Exercise requirements — Check each line below for "rule" and report how many have it, nothing else.

Provided material —
section \<open>Signs from derivatives\<close>

lemma nonneg_of_derivative_sign:
  fixes h h' :: "real \<Rightarrow> real"
  assumes deriv: "\<And>u. u \<in> {min a b..max a b} \<Longrightarrow> (h has_real_derivative h' u) (at u)"
    and "h a = 0"
    and sign: "\<And>u. u \<in> {min a b..max a b} \<Longrightarrow> (u - a) * h' u \<ge> 0"
  shows "h b \<ge> 0"
proof (cases a b rule: linorder_cases)
  case less
  then obtain z where z: "a < z" "z < b" "h b - h a = (b - a) * h' z"
    using MVT2[OF less, of h h'] deriv by auto
  have "(z - a) * h' z \<ge> 0" using sign z by auto
  then show ?thesis using z \<open>h a = 0\<close> by (simp add: zero_le_mult_iff)
next
  case greater
  then obtain z where z: "b < z" "z < a" "h a - h b = (a - b) * h' z"
    using MVT2[OF greater, of h h'] deriv by auto
  have "(z - a) * h' z \<ge> 0" using sign z by auto
  then have "h' z \<le> 0" using z by (simp add: zero_le_mult_iff)
  then have "(a - b) * h' z \<le> 0" using z by (simp add: mult_nonneg_nonpos)
  then show ?thesis using z \<open>h a = 0\<close> by linarith
qed (use \<open>h a = 0\<close> in simp)

lemma sign_of_nonneg_derivative:
  fixes g g' :: "real \<Rightarrow> real"
  assumes deriv: "\<And>u. u \<in> {min a b..max a b} \<Longrightarrow> (g has_real_derivative g' u) (at u)"
    and "g a = 0"
    and nonneg: "\<And>u. u \<in> {min a b..max a b} \<Longrightarrow> g' u \<ge> 0"
  shows "(b - a) * g b \<ge> 0"
proof (cases a b rule: linorder_cases)
  case less
  then obtain z where z: "a < z" "z < b" "g b - g a = (b - a) * g' z"
    using MVT2[OF less, of g g'] deriv by auto
  then show ?thesis using nonneg[of z] \<open>g a = 0\<close> by simp
next
  case greater
  then obtain z where z: "b < z" "z < a" "g a - g b = (a - b) * g' z"
    using MVT2[OF greater, of g g'] deriv by auto
  moreover have "(a - b) * g' z \<ge> 0" using nonneg[of z] z by simp
  ultimately have "g b \<le> 0" using \<open>g a = 0\<close> by linarith
  then show ?thesis using greater by (simp add: mult_nonpos_nonpos)
qed simp

lemma sign_by_second_derivative:
  fixes g g' g'' :: "real \<Rightarrow> real"
  assumes "\<And>u. u \<in> {min a b..max a b} \<Longrightarrow> (g has_real_derivative g' u) (at u)"
    and "\<And>u. u \<in> {min a b..max a b} \<Longrightarrow> (g' has_real_derivative g'' u) (at u)"
    and "g a = 0" "g' a = 0"
    and "\<And>u. u \<in> {min a b..max a b} \<Longrightarrow> (u - a) * g'' u \<ge> 0"
  shows "(b - a) * g b \<ge> 0"
proof (rule sign_of_nonneg_derivative[OF assms(1,3)])
  fix x assume x: "x \<in> {min a b..max a b}"
  then have sub: "{min a x..max a x} \<subseteq> {min a b..max a b}" by auto
  show "g' x \<ge> 0"
    using nonneg_of_derivative_sign[of a x g' g''] assms(2,4,5) sub by blast
qed
lemma approx_scaling_closed_Union:
  "(\<And>L. L \<in> Ls \<Longrightarrow> approx_scaling_closed I c L) \<Longrightarrow> approx_scaling_closed I c (\<Union>Ls)"
  unfolding approx_scaling_closed_def by blast

lemma linear_set_approx_scaling_closed:
  assumes "linear_set I L"
  shows "\<exists>c\<ge>0. approx_scaling_closed I c L"
proof -
  obtain v0 vs where L: "L = {(\<lambda>i. v0 i + (\<Sum>j<length vs. a j * (vs ! j) i)) | a :: nat \<Rightarrow> nat. True}"
    using assms unfolding linear_set_def by blast
  define c where "c = real (\<Sum>i\<in>I. v0 i + (\<Sum>j<length vs. (vs ! j) i))"
  have "approx_scaling_closed I c L"
    unfolding approx_scaling_closed_def
  proof (intro ballI allI impI)
    fix h and q :: real
    assume "h \<in> L" and q: "1 \<le> q"
    then obtain a where h: "h = (\<lambda>i. v0 i + (\<Sum>j<length vs. a j * (vs ! j) i))"
      using L by blast
    define b where "b j = nat \<lfloor>q * real (a j)\<rfloor>" for j
    have b: "\<bar>real (b j) - q * real (a j)\<bar> \<le> 1" for j
      using q unfolding b_def by (simp add: abs_le_iff) linarith
    define h' where "h' = (\<lambda>i. v0 i + (\<Sum>j<length vs. b j * (vs ! j) i))"
    have "h' \<in> L"
      unfolding h'_def L by blast
    moreover have "(\<Sum>i\<in>I. \<bar>real (h' i) - q * real (h i)\<bar>) \<le> q * c"
      unfolding c_def of_nat_sum sum_distrib_left h h'_def
      by (intro sum_mono rounded_combination_error[OF q b])
    ultimately show "\<exists>h'\<in>L. (\<Sum>i\<in>I. \<bar>real (h' i) - q * real (h i)\<bar>) \<le> q * c"
      by blast
  qed
  moreover have "0 \<le> c"
    unfolding c_def by (rule of_nat_0_le_iff)
  ultimately show ?thesis
    by blast
qed

lemma semilinear_approx_scaling_closed:
  assumes "semilinear I M"
  shows "\<exists>c\<ge>0. approx_scaling_closed I c M"
proof -
  obtain Ls where Ls: "finite Ls" "\<forall>L\<in>Ls. linear_set I L" "M = \<Union>Ls"
    using assms unfolding semilinear_def by blast
  then obtain cL where cL: "\<forall>L\<in>Ls. 0 \<le> cL L \<and> approx_scaling_closed I (cL L) L"
    using linear_set_approx_scaling_closed by metis
  have "approx_scaling_closed I (\<Sum>L\<in>Ls. cL L) L" if "L \<in> Ls" for L
  proof (rule approx_scaling_closed_mono)
    show "approx_scaling_closed I (cL L) L"
      using cL that by blast
    show "cL L \<le> (\<Sum>L\<in>Ls. cL L)"
      using cL that Ls(1) by (intro member_le_sum) auto
  qed
  then have "approx_scaling_closed I (\<Sum>L\<in>Ls. cL L) M"
    unfolding Ls(3) by (rule approx_scaling_closed_Union)
  moreover have "0 \<le> (\<Sum>L\<in>Ls. cL L)"
    using cL by (simp add: sum_nonneg)
  ultimately show ?thesis
    by blast
qed
text \<open>The fixed point q = A q + b is positive: q \<ge> A q, so q \<ge> 0, and then q \<ge> b.\<close>
lemma fixed_point_pos:
  fixes A :: "real^'k::finite^'k"
  assumes A_nonneg: "\<forall>i j. 0 \<le> A$i$j" and b_pos: "\<forall>k. 0 < b$k"
    and p_nonneg: "0 \<le> p" and p_super: "A *v p + b \<le> p"
    and q_fixed: "A *v q + b = q"
  shows "0 < q$k"
proof -
  have "A *v q \<le> q" using q_fixed b_pos unfolding less_eq_vec_def
    by (metis less_imp_le le_add_same_cancel1 vector_add_component)
  hence "0 \<le> A *v q"
    by (intro nonneg_matrix_mult_nonneg[OF A_nonneg] subsolution_nonneg[OF assms(1-4)])
  thus ?thesis using q_fixed b_pos unfolding less_eq_vec_def
    by (metis add_nonneg_pos vector_add_component zero_index)
qed

section \<open>The balancing objective\<close>

lemma diag_mat_mult_vec: "(diag_mat g *v y) $ k = g$k * y$k"
  unfolding diag_mat_def matrix_vector_mult_def
  by (simp add: if_distrib[of "\<lambda>u. u * _"] cong: if_cong)

definition gain_op :: "real \<Rightarrow> real^'k \<Rightarrow> real^'k^'k \<Rightarrow> real^'k^'k::finite" where
  "gain_op t gamma V = t *\<^sub>R (diag_mat gamma ** V)"

lemma gain_op_mult_vec: "(gain_op t g V *v x) $ k = t * g$k * (V *v x)$k"
  unfolding gain_op_def
  by (simp add: scaleR_matrix_vector_assoc[symmetric] matrix_vector_mul_assoc[symmetric] diag_mat_mult_vec)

Expected answer — 6